* EXTRACTED ENTRIES *
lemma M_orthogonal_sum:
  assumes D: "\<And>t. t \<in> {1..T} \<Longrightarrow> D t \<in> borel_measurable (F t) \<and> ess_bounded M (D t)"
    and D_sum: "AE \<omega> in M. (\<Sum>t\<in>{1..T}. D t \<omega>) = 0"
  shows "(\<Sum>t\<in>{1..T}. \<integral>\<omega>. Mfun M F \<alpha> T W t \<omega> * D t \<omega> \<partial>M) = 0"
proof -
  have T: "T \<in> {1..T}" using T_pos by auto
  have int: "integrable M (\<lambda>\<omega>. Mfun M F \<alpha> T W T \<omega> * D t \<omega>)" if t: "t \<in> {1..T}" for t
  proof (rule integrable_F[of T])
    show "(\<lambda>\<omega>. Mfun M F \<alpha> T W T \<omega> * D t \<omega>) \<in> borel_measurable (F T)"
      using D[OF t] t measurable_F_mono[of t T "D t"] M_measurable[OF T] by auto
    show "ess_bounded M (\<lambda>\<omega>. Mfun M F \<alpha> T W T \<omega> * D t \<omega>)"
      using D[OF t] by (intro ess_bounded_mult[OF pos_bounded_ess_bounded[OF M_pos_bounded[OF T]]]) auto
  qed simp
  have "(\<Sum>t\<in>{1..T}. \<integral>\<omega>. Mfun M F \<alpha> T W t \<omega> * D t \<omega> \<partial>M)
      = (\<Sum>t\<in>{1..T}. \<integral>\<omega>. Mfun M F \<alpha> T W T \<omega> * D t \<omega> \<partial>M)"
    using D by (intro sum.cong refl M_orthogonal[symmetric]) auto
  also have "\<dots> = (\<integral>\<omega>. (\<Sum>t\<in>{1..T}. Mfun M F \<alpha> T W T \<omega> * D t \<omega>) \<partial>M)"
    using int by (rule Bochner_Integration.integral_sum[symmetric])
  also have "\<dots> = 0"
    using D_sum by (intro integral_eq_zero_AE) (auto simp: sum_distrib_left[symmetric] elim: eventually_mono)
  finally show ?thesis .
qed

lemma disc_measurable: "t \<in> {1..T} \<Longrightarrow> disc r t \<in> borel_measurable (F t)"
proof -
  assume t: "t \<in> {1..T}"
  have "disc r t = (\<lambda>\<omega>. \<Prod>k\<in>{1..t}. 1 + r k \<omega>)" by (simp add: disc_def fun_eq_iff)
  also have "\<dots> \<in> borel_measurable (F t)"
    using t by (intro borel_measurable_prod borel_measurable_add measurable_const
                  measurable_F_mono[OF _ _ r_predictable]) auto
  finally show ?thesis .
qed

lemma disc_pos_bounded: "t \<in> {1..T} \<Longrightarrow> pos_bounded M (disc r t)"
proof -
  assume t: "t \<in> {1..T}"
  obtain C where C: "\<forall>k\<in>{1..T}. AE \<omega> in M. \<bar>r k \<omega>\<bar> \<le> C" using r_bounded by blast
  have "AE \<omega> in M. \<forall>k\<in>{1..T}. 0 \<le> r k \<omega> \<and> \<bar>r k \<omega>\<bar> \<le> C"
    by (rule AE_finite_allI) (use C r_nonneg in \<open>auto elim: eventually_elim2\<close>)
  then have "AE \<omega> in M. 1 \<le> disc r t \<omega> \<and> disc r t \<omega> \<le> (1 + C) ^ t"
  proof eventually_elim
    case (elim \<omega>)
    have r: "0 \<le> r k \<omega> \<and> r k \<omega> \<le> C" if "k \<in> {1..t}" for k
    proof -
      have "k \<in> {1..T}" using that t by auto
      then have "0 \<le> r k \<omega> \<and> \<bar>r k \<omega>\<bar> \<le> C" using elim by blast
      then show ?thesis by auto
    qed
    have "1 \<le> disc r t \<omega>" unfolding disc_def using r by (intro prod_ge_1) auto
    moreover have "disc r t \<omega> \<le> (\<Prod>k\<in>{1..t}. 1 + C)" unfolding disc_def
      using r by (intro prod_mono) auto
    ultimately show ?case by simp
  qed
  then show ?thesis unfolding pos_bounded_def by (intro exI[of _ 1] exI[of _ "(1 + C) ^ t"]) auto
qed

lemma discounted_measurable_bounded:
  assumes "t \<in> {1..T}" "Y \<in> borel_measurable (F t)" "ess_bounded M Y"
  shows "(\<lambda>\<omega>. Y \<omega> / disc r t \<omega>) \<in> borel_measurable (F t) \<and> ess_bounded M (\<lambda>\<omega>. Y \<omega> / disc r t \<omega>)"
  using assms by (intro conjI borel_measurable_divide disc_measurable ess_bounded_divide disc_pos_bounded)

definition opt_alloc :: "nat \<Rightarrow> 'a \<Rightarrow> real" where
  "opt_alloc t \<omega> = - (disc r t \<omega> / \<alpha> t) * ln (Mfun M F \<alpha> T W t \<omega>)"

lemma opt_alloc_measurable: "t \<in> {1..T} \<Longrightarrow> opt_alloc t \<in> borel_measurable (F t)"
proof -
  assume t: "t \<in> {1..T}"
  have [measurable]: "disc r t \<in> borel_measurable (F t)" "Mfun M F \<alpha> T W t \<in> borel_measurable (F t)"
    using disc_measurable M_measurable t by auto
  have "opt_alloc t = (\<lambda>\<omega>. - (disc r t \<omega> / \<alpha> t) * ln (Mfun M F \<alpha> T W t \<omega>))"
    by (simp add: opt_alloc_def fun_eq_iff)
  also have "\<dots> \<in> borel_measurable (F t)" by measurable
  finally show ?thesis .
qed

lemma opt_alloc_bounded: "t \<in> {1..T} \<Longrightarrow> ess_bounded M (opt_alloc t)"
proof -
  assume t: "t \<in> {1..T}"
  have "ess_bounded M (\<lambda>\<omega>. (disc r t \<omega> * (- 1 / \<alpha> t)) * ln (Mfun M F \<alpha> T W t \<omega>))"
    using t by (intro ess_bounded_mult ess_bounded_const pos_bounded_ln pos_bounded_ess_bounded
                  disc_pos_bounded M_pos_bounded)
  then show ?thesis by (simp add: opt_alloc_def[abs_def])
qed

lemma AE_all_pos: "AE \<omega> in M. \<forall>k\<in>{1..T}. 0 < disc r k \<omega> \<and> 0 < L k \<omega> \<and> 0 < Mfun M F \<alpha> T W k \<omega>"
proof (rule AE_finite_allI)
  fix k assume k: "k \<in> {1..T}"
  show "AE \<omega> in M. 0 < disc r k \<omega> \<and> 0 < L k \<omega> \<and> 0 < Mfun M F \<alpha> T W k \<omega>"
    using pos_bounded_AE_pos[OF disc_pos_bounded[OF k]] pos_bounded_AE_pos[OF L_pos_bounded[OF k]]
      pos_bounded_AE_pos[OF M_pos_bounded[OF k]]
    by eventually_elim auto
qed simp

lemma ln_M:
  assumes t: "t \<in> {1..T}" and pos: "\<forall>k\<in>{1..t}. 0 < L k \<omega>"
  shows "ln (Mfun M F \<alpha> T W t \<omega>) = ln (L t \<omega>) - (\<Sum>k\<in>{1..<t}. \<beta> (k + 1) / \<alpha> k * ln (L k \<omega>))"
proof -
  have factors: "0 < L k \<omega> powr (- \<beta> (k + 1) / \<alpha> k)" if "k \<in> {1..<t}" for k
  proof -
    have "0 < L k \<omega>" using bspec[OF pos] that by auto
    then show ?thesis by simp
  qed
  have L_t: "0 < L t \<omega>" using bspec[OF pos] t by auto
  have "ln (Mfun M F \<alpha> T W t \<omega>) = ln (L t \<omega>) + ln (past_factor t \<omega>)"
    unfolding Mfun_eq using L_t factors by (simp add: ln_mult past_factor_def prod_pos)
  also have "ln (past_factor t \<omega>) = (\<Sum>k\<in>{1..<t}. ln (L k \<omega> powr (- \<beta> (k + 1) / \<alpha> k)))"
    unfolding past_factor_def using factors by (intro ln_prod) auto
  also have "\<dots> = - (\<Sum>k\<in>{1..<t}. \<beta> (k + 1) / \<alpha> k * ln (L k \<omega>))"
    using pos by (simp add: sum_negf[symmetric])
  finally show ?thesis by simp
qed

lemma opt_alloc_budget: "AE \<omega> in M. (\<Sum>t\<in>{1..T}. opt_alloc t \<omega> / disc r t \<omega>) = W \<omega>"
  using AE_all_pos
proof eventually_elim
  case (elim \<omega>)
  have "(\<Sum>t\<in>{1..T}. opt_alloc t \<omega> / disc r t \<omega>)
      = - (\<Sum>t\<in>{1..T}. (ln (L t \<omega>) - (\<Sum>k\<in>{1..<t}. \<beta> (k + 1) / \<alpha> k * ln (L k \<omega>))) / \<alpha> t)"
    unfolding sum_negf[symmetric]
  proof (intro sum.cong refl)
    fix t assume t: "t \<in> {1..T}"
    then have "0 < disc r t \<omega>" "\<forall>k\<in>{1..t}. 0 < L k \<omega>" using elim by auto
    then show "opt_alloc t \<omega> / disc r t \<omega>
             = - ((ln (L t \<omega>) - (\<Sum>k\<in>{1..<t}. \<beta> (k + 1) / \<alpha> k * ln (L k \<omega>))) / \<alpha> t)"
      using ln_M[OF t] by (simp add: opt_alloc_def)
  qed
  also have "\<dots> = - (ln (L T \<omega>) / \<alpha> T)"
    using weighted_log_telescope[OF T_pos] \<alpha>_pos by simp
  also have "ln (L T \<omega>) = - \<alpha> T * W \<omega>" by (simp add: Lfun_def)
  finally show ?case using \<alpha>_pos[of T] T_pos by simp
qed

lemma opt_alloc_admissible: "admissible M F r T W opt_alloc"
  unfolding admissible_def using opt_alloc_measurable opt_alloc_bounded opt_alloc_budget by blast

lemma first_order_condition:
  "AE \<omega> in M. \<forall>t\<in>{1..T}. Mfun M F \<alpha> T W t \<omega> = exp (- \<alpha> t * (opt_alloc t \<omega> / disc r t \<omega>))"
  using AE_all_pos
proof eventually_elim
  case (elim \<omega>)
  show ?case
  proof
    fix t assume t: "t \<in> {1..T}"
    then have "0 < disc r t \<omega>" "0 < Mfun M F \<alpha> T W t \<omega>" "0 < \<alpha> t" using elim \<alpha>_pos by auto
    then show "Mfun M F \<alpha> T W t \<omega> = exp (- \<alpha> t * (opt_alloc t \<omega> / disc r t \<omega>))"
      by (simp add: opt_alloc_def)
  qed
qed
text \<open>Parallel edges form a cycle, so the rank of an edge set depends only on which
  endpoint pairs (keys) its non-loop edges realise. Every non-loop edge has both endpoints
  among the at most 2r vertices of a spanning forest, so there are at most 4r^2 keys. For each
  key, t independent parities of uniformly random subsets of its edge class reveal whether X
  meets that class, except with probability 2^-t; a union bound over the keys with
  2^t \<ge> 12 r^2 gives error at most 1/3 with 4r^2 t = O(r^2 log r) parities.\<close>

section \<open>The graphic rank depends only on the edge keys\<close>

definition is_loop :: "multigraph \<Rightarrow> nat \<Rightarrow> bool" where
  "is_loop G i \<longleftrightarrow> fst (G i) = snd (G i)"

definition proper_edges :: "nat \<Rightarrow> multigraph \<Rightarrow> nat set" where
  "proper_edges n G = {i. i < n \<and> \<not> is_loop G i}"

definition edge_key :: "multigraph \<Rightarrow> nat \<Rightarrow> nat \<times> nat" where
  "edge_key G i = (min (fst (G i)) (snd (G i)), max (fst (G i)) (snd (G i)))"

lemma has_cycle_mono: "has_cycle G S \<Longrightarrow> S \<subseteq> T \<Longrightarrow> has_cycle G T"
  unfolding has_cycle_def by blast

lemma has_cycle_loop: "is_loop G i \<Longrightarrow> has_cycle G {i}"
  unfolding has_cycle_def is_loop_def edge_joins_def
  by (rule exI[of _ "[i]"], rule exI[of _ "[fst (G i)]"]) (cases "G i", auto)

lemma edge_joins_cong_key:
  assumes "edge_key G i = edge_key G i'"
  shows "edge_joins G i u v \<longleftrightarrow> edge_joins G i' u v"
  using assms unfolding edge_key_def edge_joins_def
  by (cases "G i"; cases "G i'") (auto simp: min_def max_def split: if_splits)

* TASK PROMPT *
Please print, exactly and with nothing else, the lines from the first line of the entries through the line containing "proof (rule integrable_F[of T])".

* OUTPUT OF THE TASK *
lemma M_orthogonal_sum:
  assumes D: "\<And>t. t \<in> {1..T} \<Longrightarrow> D t \<in> borel_measurable (F t) \<and> ess_bounded M (D t)"
    and D_sum: "AE \<omega> in M. (\<Sum>t\<in>{1..T}. D t \<omega>) = 0"
  shows "(\<Sum>t\<in>{1..T}. \<integral>\<omega>. Mfun M F \<alpha> T W t \<omega> * D t \<omega> \<partial>M) = 0"
proof -
  have T: "T \<in> {1..T}" using T_pos by auto
  have int: "integrable M (\<lambda>\<omega>. Mfun M F \<alpha> T W T \<omega> * D t \<omega>)" if t: "t \<in> {1..T}" for t
  proof (rule integrable_F[of T])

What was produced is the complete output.